Tam, gdzie kończy się wrażliwość człowiecza

umiera państwo.

Wspólnota rozdrabnia się na grupy, pod grupy,

nic wreszcie z niej nie zostaje.


Wrażliwość ludzka obumiera.

Ludzie budują siedziby, które są jak pałace,

odgrodzone od siebie murem.

Wokół biegają złe psy. Zwierzęta stają się nawet milsze

ludziom niż oni sami, bowiem zachowują naturę plemienną,

mimo zindoktrynowanej tresury.

Zamieszkują obok siebie, ludzie, już nie ze sobą.

Widok mają na nicość. Okala ich tylko własna skorupa

z kamienia. Wymrą jak dwa gatunki ludzkie,

jakie zamieszkiwały ziemię w jednym czasie.

Zginą w pojedynczym stadzie. W grupie A i w grupie B.

Silni i słabi. Wrażliwi i obojętni na siebie.

Zginą obie grupy, bo potrzebują siebie.

Ludzie potrzebują ludzi, by mieć po co oddychać.

By mieć po co budować. By mieć po co ogień rozniecać.

Ludzie umierają z przesytu. Obok ludzie giną z głodu.

Rozproszone, bezdomne stada okupują świątynie

z kamienia,

które pokryły trawę i zabetonowały niebo.

Dzieje się spektakl pogardy.

Człowiek szuka człowieka z latarnią zgaszoną nocą, aby go

nie spotkać. Ludzie, mordujecie siebie, by mordować.
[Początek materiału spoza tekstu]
(* Let $H$ be a Hilbert space, $L:H\to[0,\infty)$ of class $C^2$, and $c:[0,\infty)\to[0,\infty)$ nonincreasing with $c(r)\le\inf\{|\nabla L(x)|/\sqrt{L(x)}:|x|\le r\}$ for all $r\ge0$ (convention $0/0=\infty$), and assume $c(r)>0$ for all $r>0$. If a solution $(x_t)_{t\ge0}$ of $\dot x(t)=-\nabla L(x(t))$ is bounded in $H$, then it converges in $H$ to a minimum of $L$, i.e. to some $x_\infty$ with $L(x_\infty)=0$. *)

theory Defs
  imports "HOL-Analysis.Analysis"
begin

text \<open>The quotient |grad L(x)| / sqrt(L(x)) as an extended real, with the convention
  that it equals infinity when L(x) = 0 (then grad L(x) = 0 as well, so this is 0/0).\<close>
definition grad_ratio :: "('a::real_inner \<Rightarrow> real) \<Rightarrow> ('a \<Rightarrow> 'a) \<Rightarrow> 'a \<Rightarrow> ereal" where
  "grad_ratio L G x = (if L x = 0 then \<infinity> else ereal (norm (G x) / sqrt (L x)))"

end

theory Submission
  imports Defs
begin

text \<open>On a ball of radius \<open>R\<close> containing the trajectory, the hypothesis on \<open>c\<close> yields the
  Polyak-Lojasiewicz inequality \<open>\<mu> L \<le> |\<nabla>L|\<^sup>2\<close> with \<open>\<mu> = c(R)\<^sup>2 > 0\<close>. Since
  \<open>d/dt L(x t) = -|\<nabla>L(x t)|\<^sup>2\<close>, the energy decays like \<open>exp(-\<mu> t)\<close>, and the length of
  the trajectory after time \<open>s\<close> is bounded by a quantity decaying like \<open>exp(-\<mu> s/2)\<close>.
  Hence \<open>x t\<close> is Cauchy as \<open>t \<rightarrow> \<infinity>\<close>, and its limit is a zero of \<open>L\<close> by continuity.\<close>

lemma DERIV_within_nonpos_imp_decreasing:
  fixes f f' :: "real \<Rightarrow> real"
  assumes "a \<le> b"
    and "\<And>t. t \<in> {a..b} \<Longrightarrow> (f has_real_derivative f' t) (at t within {a..b})"
    and "\<And>t. t \<in> {a..b} \<Longrightarrow> f' t \<le> 0"
  shows "f b \<le> f a"
proof -
  obtain t where t: "t \<in> {a..b}" and "f b - f a = f' t * (b - a)"
    using mvt_very_simple[OF assms(1), of f "\<lambda>t h. f' t * h"] assms(2)
    by (auto simp: has_field_derivative_def)
  moreover have "f' t * (b - a) \<le> 0"
    using assms(1) assms(3)[OF t] by (simp add: mult_nonpos_nonneg)
  ultimately show ?thesis by linarith
qed
lemma PD_to_dist_dist_to_PD:
  assumes "\<phi> \<in> distributors X Y"
  shows "PD_to_dist X Y (dist_to_PD X Y \<phi>) = \<phi>"
proof (intro ext)
  fix x y show "PD_to_dist X Y (dist_to_PD X Y \<phi>) x y = \<phi> x y"
    using distributor_bot[OF assms, of x y]
    by (cases "x \<in> car X") (simp_all add: PD_to_dist_def dist_to_PD_def)
qed

lemma dist_to_PP_PP_to_dist:
  assumes "h \<in> qmaps Y (PP X)"
  shows "dist_to_PP X Y (PP_to_dist X Y h) = h"
proof
  fix y show "dist_to_PP X Y (PP_to_dist X Y h) y = h y"
  proof (cases "y \<in> car Y")
    case True
    then have "fst (h y) = ext Y y" using assms by (simp add: qmaps_def qmono_def)
    with True show ?thesis by (cases "h y") (auto simp: dist_to_PP_def PP_to_dist_def)
  next
    case False
    then show ?thesis using assms by (simp add: qmaps_def qmono_def dist_to_PP_def)
  qed
qed

lemma dist_to_PD_PD_to_dist:
  assumes "h \<in> qmaps X (PD Y)"
  shows "dist_to_PD X Y (PD_to_dist X Y h) = h"
proof
  fix x show "dist_to_PD X Y (PD_to_dist X Y h) x = h x"
  proof (cases "x \<in> car X")
    case True
    then have "fst (h x) = ext X x" using assms by (simp add: qmaps_def qmono_def)
    with True show ?thesis by (cases "h x") (auto simp: dist_to_PD_def PD_to_dist_def)
  next
    case False
    then show ?thesis using assms by (simp add: qmaps_def qmono_def dist_to_PD_def)
  qed
qed

lemma bij_betw_dist_to_PP: "bij_betw (dist_to_PP X Y) (distributors X Y) (qmaps Y (PP X))"
  by (rule bij_betw_byWitness[where f' = "PP_to_dist X Y"])
    (simp_all add: PP_to_dist_dist_to_PP dist_to_PP_PP_to_dist dist_to_PP_qmaps PP_to_dist_distributors
      image_subsetI)

lemma bij_betw_dist_to_PD: "bij_betw (dist_to_PD X Y) (distributors X Y) (qmaps X (PD Y))"
  by (rule bij_betw_byWitness[where f' = "PD_to_dist X Y"])
    (simp_all add: PD_to_dist_dist_to_PD dist_to_PD_PD_to_dist dist_to_PD_qmaps PD_to_dist_distributors
      image_subsetI)

end

locale qgalois_pair =
  fixes A :: "('a, 'q::quantale) qpos" and B :: "('b, 'q) qpos" and f g
  assumes galois: "qgalois A B f g"
begin

lemma f_qmono: "qmono A B f" and g_qmono: "qmono B A g"
  using galois by (simp_all add: qgalois_def)

lemma f_car: "a \<in> car A \<Longrightarrow> f a \<in> car B" and ext_f: "a \<in> car A \<Longrightarrow> ext B (f a) = ext A a"
  and f_pre: "a \<in> car A \<Longrightarrow> a' \<in> car A \<Longrightarrow> pre A a a' \<le> pre B (f a) (f a')"
  and f_undefined: "a \<notin> car A \<Longrightarrow> f a = undefined"
  using f_qmono by (simp_all add: qmono_def)

lemma g_car: "b \<in> car B \<Longrightarrow> g b \<in> car A" and ext_g: "b \<in> car B \<Longrightarrow> ext A (g b) = ext B b"
  and g_pre: "b \<in> car B \<Longrightarrow> b' \<in> car B \<Longrightarrow> pre B b b' \<le> pre A (g b) (g b')"
  and g_undefined: "b \<notin> car B \<Longrightarrow> g b = undefined"
  using g_qmono by (simp_all add: qmono_def)

lemma unit_pre: "a \<in> car A \<Longrightarrow> ext A a \<le> pre A a (g (f a))"
  and counit_pre: "b \<in> car B \<Longrightarrow> ext B b \<le> pre B (f (g b)) b"
  using galois by (simp_all add: qgalois_def)

end

section \<open>Polarities\<close>

text \<open>\<open>pol_up X Y \<phi> \<mu> = \<phi> \<swarrow> \<mu>\<close> and \<open>pol_down X Y \<phi> \<lambda> = \<lambda> \<searrow> \<phi>\<close>.\<close>
definition pol_up :: "('a, 'q::quantale) qpos \<Rightarrow> ('b, 'q) qpos \<Rightarrow> ('a \<Rightarrow> 'b \<Rightarrow> 'q) \<Rightarrow>
    'q \<times> ('a \<Rightarrow> unit \<Rightarrow> 'q) \<Rightarrow> 'q \<times> (unit \<Rightarrow> 'b \<Rightarrow> 'q)" where
  "pol_up X Y \<phi> = (\<lambda>a\<in>PP_car X. (fst a, \<lambda>_ y. if y \<in> car Y
     then dq_rimp (fst a) (ext Y y) (car X) (\<lambda>x. snd a x ()) (\<lambda>x. \<phi> x y) else bot))"

definition pol_down :: "('a, 'q::quantale) qpos \<Rightarrow> ('b, 'q) qpos \<Rightarrow> ('a \<Rightarrow> 'b \<Rightarrow> 'q) \<Rightarrow>
    'q \<times> (unit \<Rightarrow> 'b \<Rightarrow> 'q) \<Rightarrow> 'q \<times> ('a \<Rightarrow> unit \<Rightarrow> 'q)" where
  "pol_down X Y \<phi> = (\<lambda>b\<in>PD_car Y. (fst b, \<lambda>x _. if x \<in> car X
     then dq_limp (ext X x) (fst b) (car Y) (\<lambda>y. rdiv (snd b () y) (fst b)) (\<lambda>y. \<phi> x y) else bot))"

lemma fst_pol_up [simp]: "a \<in> PP_car X \<Longrightarrow> fst (pol_up X Y \<phi> a) = fst a"
  by (simp add: pol_up_def)

lemma fst_pol_down [simp]: "b \<in> PD_car Y \<Longrightarrow> fst (pol_down X Y \<phi> b) = fst b"
  by (simp add: pol_down_def)

lemma pol_up_DQ:
  "a \<in> PP_car X \<Longrightarrow> y \<in> car Y \<Longrightarrow> snd (pol_up X Y \<phi> a) () y \<in> DQ (fst a) (ext Y y)"
  by (simp add: pol_up_def dq_rimp_DQ)

lemma pol_up_le:
  "a \<in> PP_car X \<Longrightarrow> x \<in> car X \<Longrightarrow> y \<in> car Y \<Longrightarrow>
   qmult (rdiv (snd (pol_up X Y \<phi> a) () y) (fst a)) (snd a x ()) \<le> \<phi> x y"
  unfolding pol_up_def by (simp, rule dq_rimp_le) (auto intro: DQ_ldiv_cancel PP_car_DQ)

lemma pol_up_greatest:
  "a \<in> PP_car X \<Longrightarrow> y \<in> car Y \<Longrightarrow> v \<in> DQ (fst a) (ext Y y) \<Longrightarrow>
   (\<And>x. x \<in> car X \<Longrightarrow> qmult (rdiv v (fst a)) (snd a x ()) \<le> \<phi> x y) \<Longrightarrow>
   v \<le> snd (pol_up X Y \<phi> a) () y"
  unfolding pol_up_def by (simp add: dq_rimp_greatest)

lemma pol_down_DQ:
  "b \<in> PD_car Y \<Longrightarrow> x \<in> car X \<Longrightarrow> snd (pol_down X Y \<phi> b) x () \<in> DQ (ext X x) (fst b)"
  by (simp add: pol_down_def dq_limp_DQ)

lemma pol_down_le:
  "b \<in> PD_car Y \<Longrightarrow> x \<in> car X \<Longrightarrow> y \<in> car Y \<Longrightarrow>
   qmult (rdiv (snd b () y) (fst b)) (snd (pol_down X Y \<phi> b) x ()) \<le> \<phi> x y"
  unfolding pol_down_def by (simp, rule dq_limp_le)

lemma pol_down_greatest:
  "b \<in> PD_car Y \<Longrightarrow> x \<in> car X \<Longrightarrow> u \<in> DQ (ext X x) (fst b) \<Longrightarrow>
   (\<And>y. y \<in> car Y \<Longrightarrow> qmult (rdiv (snd b () y) (fst b)) u \<le> \<phi> x y) \<Longrightarrow>
   u \<le> snd (pol_down X Y \<phi> b) x ()"
  unfolding pol_down_def by (simp add: dq_limp_greatest)

context
  fixes X :: "('a, 'q::quantale) qpos" and Y :: "('b, 'q) qpos" and \<phi>
  assumes X: "qpreordered X" and Y: "qpreordered Y" and \<phi>: "\<phi> \<in> distributors X Y"
begin

lemma pol_up_PD_car:
  assumes a: "a \<in> PP_car X"
  shows "pol_up X Y \<phi> a \<in> PD_car Y"
proof -
  have "(fst a, snd (pol_up X Y \<phi> a)) \<in> PD_car Y"
  proof (rule PD_carI)
    fix y y' assume y: "y \<in> car Y" "y' \<in> car Y"
    let ?P = "rdiv (pre Y y' y) (ext Y y')" and ?w = "snd (pol_up X Y \<phi> a) () y'"
    have w: "?w \<in> DQ (fst a) (ext Y y')" by (rule pol_up_DQ[OF a y(2)])
    show "qmult ?P ?w \<le> snd (pol_up X Y \<phi> a) () y"
    proof (rule pol_up_greatest[OF a y(1) DQ_comp[OF pre_DQ[OF Y y(2,1)] w]])
      fix x assume x: "x \<in> car X"
      have "qmult (rdiv (qmult ?P ?w) (fst a)) (snd a x ()) = qmult ?P (qmult (rdiv ?w (fst a)) (snd a x ()))"
        by (rule rdiv_mult_assoc[OF DQ_rdiv_cancel[OF w] DQ_ldiv_cancel[OF PP_car_DQ[OF a x]]])
      also have "\<dots> \<le> qmult ?P (\<phi> x y')" by (rule qmult_mono_right[OF pol_up_le[OF a x y(2)]])
      also have "\<dots> \<le> \<phi> x y" by (rule distributor_pre_right[OF X Y \<phi> x y])
      finally show "qmult (rdiv (qmult ?P ?w) (fst a)) (snd a x ()) \<le> \<phi> x y" .
    qed
  qed (use a in \<open>simp_all add: pol_up_def dq_rimp_DQ\<close>)
  then show ?thesis using a by (simp add: pol_up_def)
qed

lemma pol_down_PP_car:
  assumes b: "b \<in> PD_car Y"
  shows "pol_down X Y \<phi> b \<in> PP_car X"
proof -
  have "(fst b, snd (pol_down X Y \<phi> b)) \<in> PP_car X"
  proof (rule PP_carI)
    fix x x' assume x: "x \<in> car X" "x' \<in> car X"
    let ?c = "qmult (rdiv (snd (pol_down X Y \<phi> b) x' ()) (ext X x')) (pre X x x')"
    show "?c \<le> snd (pol_down X Y \<phi> b) x ()"
    proof (rule pol_down_greatest[OF b x(1) DQ_comp[OF pol_down_DQ[OF b x(2)] pre_DQ[OF X x]]])
      fix y assume y: "y \<in> car Y"
      have "qmult (rdiv (snd b () y) (fst b)) ?c \<le>
         qmult (rdiv (qmult (rdiv (snd b () y) (fst b)) (snd (pol_down X Y \<phi> b) x' ())) (ext X x')) (pre X x x')"
        unfolding qmult_assoc[symmetric] by (intro qmult_mono_left mult_rdiv_le_rdiv_mult)
      also have "\<dots> \<le> qmult (rdiv (\<phi> x' y) (ext X x')) (pre X x x')"
        by (intro qmult_mono_left rdiv_mono pol_down_le[OF b x(2) y])
      also have "\<dots> \<le> \<phi> x y" by (rule distributor_pre_left[OF X Y \<phi> x y])
      finally show "qmult (rdiv (snd b () y) (fst b)) ?c \<le> \<phi> x y" .
    qed
  qed (use b in \<open>simp_all add: pol_down_def dq_limp_DQ\<close>)
  then show ?thesis using b by (simp add: pol_down_def)
qed


lemma pre_le_pre_pol_up:
  assumes a: "a \<in> PP_car X" and a': "a' \<in> PP_car X"
  shows "pre (PP X) a a' \<le> pre (PD Y) (pol_up X Y \<phi> a) (pol_up X Y \<phi> a')"
proof (rule PD_pre_greatest[OF pol_up_PD_car[OF a] pol_up_PD_car[OF a']])
  let ?w = "pre (PP X) a a'"
  have w: "?w \<in> DQ (fst a) (fst a')" by (rule PP_pre_DQ[OF a a'])
  then show "?w \<in> DQ (fst (pol_up X Y \<phi> a)) (fst (pol_up X Y \<phi> a'))" using a a' by simp
next
  fix y assume y: "y \<in> car Y"
  let ?w = "pre (PP X) a a'" and ?U = "rdiv (snd (pol_up X Y \<phi> a') () y) (fst a')"
  have w: "?w \<in> DQ (fst a) (fst a')" by (rule PP_pre_DQ[OF a a'])
  have "qmult ?U ?w \<le> snd (pol_up X Y \<phi> a) () y"
  proof (rule pol_up_greatest[OF a y DQ_comp[OF pol_up_DQ[OF a' y] w]])
    fix x assume x: "x \<in> car X"
    have "qmult (rdiv (qmult ?U ?w) (fst a)) (snd a x ()) = qmult ?U (qmult (rdiv ?w (fst a)) (snd a x ()))"
      by (rule rdiv_mult_assoc[OF DQ_rdiv_cancel[OF w] DQ_ldiv_cancel[OF PP_car_DQ[OF a x]]])
    also have "\<dots> \<le> qmult ?U (snd a' x ())" by (rule qmult_mono_right[OF PP_pre_le[OF a a' x]])
    also have "\<dots> \<le> \<phi> x y" by (rule pol_up_le[OF a' x y])
    finally show "qmult (rdiv (qmult ?U ?w) (fst a)) (snd a x ()) \<le> \<phi> x y" .
  qed
  then show "qmult (rdiv (snd (pol_up X Y \<phi> a') () y) (fst (pol_up X Y \<phi> a'))) ?w
      \<le> snd (pol_up X Y \<phi> a) () y"
    using a' by simp
qed

lemma pre_le_pre_pol_down:
  assumes b: "b \<in> PD_car Y" and b': "b' \<in> PD_car Y"
  shows "pre (PD Y) b b' \<le> pre (PP X) (pol_down X Y \<phi> b) (pol_down X Y \<phi> b')"
proof (rule PP_pre_greatest[OF pol_down_PP_car[OF b] pol_down_PP_car[OF b']])
  let ?w = "pre (PD Y) b b'"
  have w: "?w \<in> DQ (fst b) (fst b')" by (rule PD_pre_DQ[OF b b'])
  then show "?w \<in> DQ (fst (pol_down X Y \<phi> b)) (fst (pol_down X Y \<phi> b'))" using b b' by simp
next
  fix x assume x: "x \<in> car X"
  let ?w = "pre (PD Y) b b'"
  let ?c = "qmult (rdiv ?w (fst b)) (snd (pol_down X Y \<phi> b) x ())"
  have w: "?w \<in> DQ (fst b) (fst b')" by (rule PD_pre_DQ[OF b b'])
  have "?c \<le> snd (pol_down X Y \<phi> b') x ()"
  proof (rule pol_down_greatest[OF b' x DQ_comp[OF w pol_down_DQ[OF b x]]])
    fix y assume y: "y \<in> car Y"
    have "qmult (rdiv (snd b' () y) (fst b')) ?c \<le>
        qmult (rdiv (qmult (rdiv (snd b' () y) (fst b')) ?w) (fst b)) (snd (pol_down X Y \<phi> b) x ())"
      unfolding qmult_assoc[symmetric] by (intro qmult_mono_left mult_rdiv_le_rdiv_mult)
    also have "\<dots> \<le> qmult (rdiv (snd b () y) (fst b)) (snd (pol_down X Y \<phi> b) x ())"
      by (intro qmult_mono_left rdiv_mono PD_pre_le[OF b b' y])
    also have "\<dots> \<le> \<phi> x y" by (rule pol_down_le[OF b x y])
    finally show "qmult (rdiv (snd b' () y) (fst b')) ?c \<le> \<phi> x y" .
  qed
  then show "qmult (rdiv ?w (fst (pol_down X Y \<phi> b))) (snd (pol_down X Y \<phi> b) x ())
      \<le> snd (pol_down X Y \<phi> b') x ()"
    using b by simp
qed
Igrzyska śmierci. Człowiek jak mięso pada na arenie.

Dziwna to rzecz — martwy byt. Przyglądają mu się inni.

Nikt nie spieszy z pomocą. Ludzie są głusi na mowę ludzką.

Człowiek umiera obok człowieka. Nie ma kromki chleba.

Na śmietniku gnije wszystko. Zarosły nawet nasze sumienia!

Wszystko stało się teatrem, sztucznym bytem.

Nawet, kiedy umieram — staję się śmieszny, jak z komedii.

Nikt mi nie wierzy. Jestem człowiekiem. Nikt mnie nie słucha.

Jestem. Nikt mnie nie widzi. Ja, Plotyn, zaniechany przez

świat przez fakt robienia się zmarłym.


Spożywam samotnie swoją miłość. Do świata, do ludzi.

Wstyd mi. Wstydzę się siebie. Swojej martwej skorupki

czaszki. Zagrzebuję kostki palców swoich. Coraz głębiej.

Nie widać, że jestem. Żyję. Trwam. Wpływam na świat,

obcy mi. Mówią Plotyn — oto więc jestem. Staję się.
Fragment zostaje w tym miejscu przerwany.